Another from way back when. I had started out writing maybe two or three lines on May 1, 1955 when I began my diary/journal. After two years I was a little bit chattier but still pretty brief. From about 1960 on it was normally a full page and I was dumping more of my angst, peeves, sorrows and occasional joys out with a recitation of the day's activites.
Jul 12, 1957
Got up at quarter to eight. Put the horses up in the canyon. Worked on the lower half of the trail. Ate breakfast. Worked on the wires. Walked up town. Not much important mail. Came home. Went down to Janni’s where I stayed til noon watching the horses and playing. Brought them up for drinks. Ate lunch. Rested awhile. Did the ironing. Cleaned up my room some. Measured Tina’s feet. Went over to Cottonwood and got her shoes. Came home. I rode her around awhile. Then we put on her front shoes. A real milestone in Tina’s life like getting to wear lipstick or first date. Did the evening chores. Ate supper. Walked around and saw Evelyn and made up with her. I believe she was sorry as much as I was. I know I will sleep better tonight. I’m glad I apologized. I’m gonna keep doing good and make friends and keep the ones I have. Adios manana, Bella Dona.
!957--seems like another lifetime, really. At that point we had Lady and Chindee, the two old mares we had gotten in the winter of 1953-54, one mule names Louie, and my mare Tina who had been with me about a year and a half at this point. She was at least green broke and doing well, really too tall for me at a good 16 hands at the withers (a hand is a horseman's measurement that equals 4") but I was and always would be head over heels in love with her. She was a very special horse. Putting her first shoes on her hooves was a big event!
There was a lot of grass in places around lower Clarkdale where the rain water pooled and I often had one or more of the critters out there eating while I watched them. Sometimes one would be hobbled--two front feet held close together with a harness strap wrapped above the hooves. Generally I could catch them and they would nor run off but that was a safety measure. Mules, being wily, could be a litle tricky and Chindee had a bit of mule in her disposition!
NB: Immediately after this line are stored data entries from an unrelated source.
text \<open>\<open>Gs t\<close>, \<open>Hs t\<close> and \<open>Fh t\<close> carry the information available before \<open>s t\<close> is drawn,
  right after it, and at the end of round \<open>t\<close>.\<close>

locale conversion_run = prob_space M for M :: "'w measure" +
  fixes F :: "'a::euclidean_space \<Rightarrow> real" and gF :: "'a \<Rightarrow> 'a"
    and G \<sigma> lam eps beta mu :: real and T :: nat
    and x0 :: 'a
    and D x g :: "nat \<Rightarrow> 'w \<Rightarrow> 'a" and s :: "nat \<Rightarrow> 'w \<Rightarrow> real"
    and Gs Hs Fh :: "nat \<Rightarrow> 'w measure"
  assumes F_deriv: "\<And>z. (F has_derivative (\<lambda>h. gF z \<bullet> h)) (at z)"
    and F_ftc: "\<And>z w. ((\<lambda>r. gF (w + r *\<^sub>R (z - w)) \<bullet> (z - w)) has_integral (F z - F w)) {0..1}"
    and G_bound: "\<And>z. norm (gF z) \<le> G"
    and sigma_nonneg: "\<sigma> \<ge> 0"
    and sub_Gs: "\<And>t. t \<in> {1..T} \<Longrightarrow> subalgebra M (Gs t)"
    and sub_Hs: "\<And>t. t \<in> {1..T} \<Longrightarrow> subalgebra M (Hs t)"
    and sub_Fh: "\<And>t. t \<in> {1..T} \<Longrightarrow> subalgebra M (Fh t)"
    and Fh_prev_subset_Gs: "\<And>t. t \<in> {1..T} \<Longrightarrow> sets (Fh (t - 1)) \<subseteq> sets (Gs t)"
    and Gs_subset_Hs: "\<And>t. t \<in> {1..T} \<Longrightarrow> sets (Gs t) \<subseteq> sets (Hs t)"
    and Hs_subset_Fh: "\<And>t. t \<in> {1..T} \<Longrightarrow> sets (Hs t) \<subseteq> sets (Fh t)"
    and x_0: "\<And>\<omega>. x 0 \<omega> = x0"
    and D_meas: "\<And>t. t \<in> {1..T} \<Longrightarrow> D t \<in> borel_measurable (Gs t)"
    and x_meas: "\<And>t. t \<in> {1..T} \<Longrightarrow> x t \<in> borel_measurable (Gs t)"
    and D_sq: "\<And>t. t \<in> {1..T} \<Longrightarrow> integrable M (\<lambda>\<omega>. (norm (D t \<omega>))\<^sup>2)"
    and x_sq: "\<And>t. t \<in> {1..T} \<Longrightarrow> integrable M (\<lambda>\<omega>. (norm (x t \<omega> - x (t - 1) \<omega>))\<^sup>2)"
    and s_meas: "\<And>t. t \<in> {1..T} \<Longrightarrow> s t \<in> borel_measurable (Hs t)"
    and s_unif: "\<And>t. t \<in> {1..T} \<Longrightarrow> distr M lborel (s t) = uniform_measure lborel {0..1}"
    and s_indep: "\<And>t A B. t \<in> {1..T} \<Longrightarrow> A \<in> sets (Gs t) \<Longrightarrow> B \<in> sets borel \<Longrightarrow>
        measure M (A \<inter> (s t -` B \<inter> space M)) = measure M A * measure M (s t -` B \<inter> space M)"
    and g_meas: "\<And>t. t \<in> {1..T} \<Longrightarrow> g t \<in> borel_measurable (Fh t)"
    and g_sq: "\<And>t. t \<in> {1..T} \<Longrightarrow>
        integrable M (\<lambda>\<omega>. (norm (g t \<omega> - gF (x t \<omega> + s t \<omega> *\<^sub>R D t \<omega>)))\<^sup>2)"
    and g_unbiased: "\<And>t b. t \<in> {1..T} \<Longrightarrow> b \<in> Basis \<Longrightarrow>
        AE \<omega> in M. real_cond_exp M (Hs t) (\<lambda>\<omega>. g t \<omega> \<bullet> b) \<omega>
                    = gF (x t \<omega> + s t \<omega> *\<^sub>R D t \<omega>) \<bullet> b"
    and g_var: "\<And>t. t \<in> {1..T} \<Longrightarrow>
        AE \<omega> in M. real_cond_exp M (Hs t)
           (\<lambda>\<omega>. (norm (g t \<omega> - gF (x t \<omega> + s t \<omega> *\<^sub>R D t \<omega>)))\<^sup>2) \<omega> \<le> \<sigma>\<^sup>2"
    and regret: "\<And>t u. t \<in> {1..T} \<Longrightarrow> u \<in> borel_measurable M \<Longrightarrow>
        (\<exists>B. \<forall>\<omega>\<in>space M. norm (u \<omega>) \<le> B) \<Longrightarrow>
        (\<integral>\<omega>. disc_regret beta mu (\<lambda>i. g i \<omega>) (\<lambda>i. D i \<omega>) t (u \<omega>) \<partial>M)
          \<le> (\<integral>\<omega>. 2 * norm (u \<omega>) * (G + \<sigma>) / (beta * sqrt (1 - beta))
                    + mu / 2 * (norm (u \<omega>))\<^sup>2 \<partial>M)"
    and Cx_exists: "\<exists>C\<ge>0. (\<integral>\<omega>. (\<Sum>t=1..T. (norm (x t \<omega> - x (t - 1) \<omega>))\<^sup>2) \<partial>M)
        \<le> C * (\<integral>\<omega>. (\<Sum>t=1..T. (norm (D t \<omega>))\<^sup>2) \<partial>M)"
    and lam_pos: "lam > 0"
    and eps_pos: "eps > 0"
    and eps_le: "eps \<le> 7 / 2 * (G + \<sigma>)"
    and T_ge: "real T \<ge> 49 * (G + \<sigma>)\<^sup>2 / eps\<^sup>2"
    and beta_def: "beta = 1 - (eps / (7 * (G + \<sigma>)))\<^sup>2"
    and mu_def: "mu = 2 * sqrt lam * sqrt eps
        * (1 + 49 * (G + \<sigma>)\<^sup>2 / eps\<^sup>2 * sqrt (Cx M x D T))"

begin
I do not recall the cause but I'd had a recent spat with my friend Evelyn Morales (nee Graves) and we had been estranged for a few days. Making up felt good. I was never happy to be at outs with anyone I cared about and I was not one who made many friends or made them easily and quickly. Thus those I had were cherished and being crosswise was an unhappy thing. Janni was Janice Benatz, one of my younger friends who was then a horselover.
With my teenaged self-centered grandiousity I was fond of fanciful and high sounding nicknames. Somehow my legal Margaret or common use Gaye never quite seemed real or right for some years. Bella Dona--which means beautiful woman in Italian and Spanish--was what Tina's original owner who still had her mother had called her as a foal. Fancy enough for the moment!! And Spanish, even before I took it in school, was always nearly a second language to me.
Some photos from that time. First one of Tina's early rides. We had started off with her on a lead line Dad held while riding Louie but soon she was moving along on her own and learning to respond to the reins. Next I had Tina and Louie up in the canyon above where our corrals were. It looks like Tina was hobbled. I spent a lot of hours up there in the shady mesquite grove while they grazed. Last me with a tired Tina on a longer ride. The background looks like our land south of Bridgeport but not sure.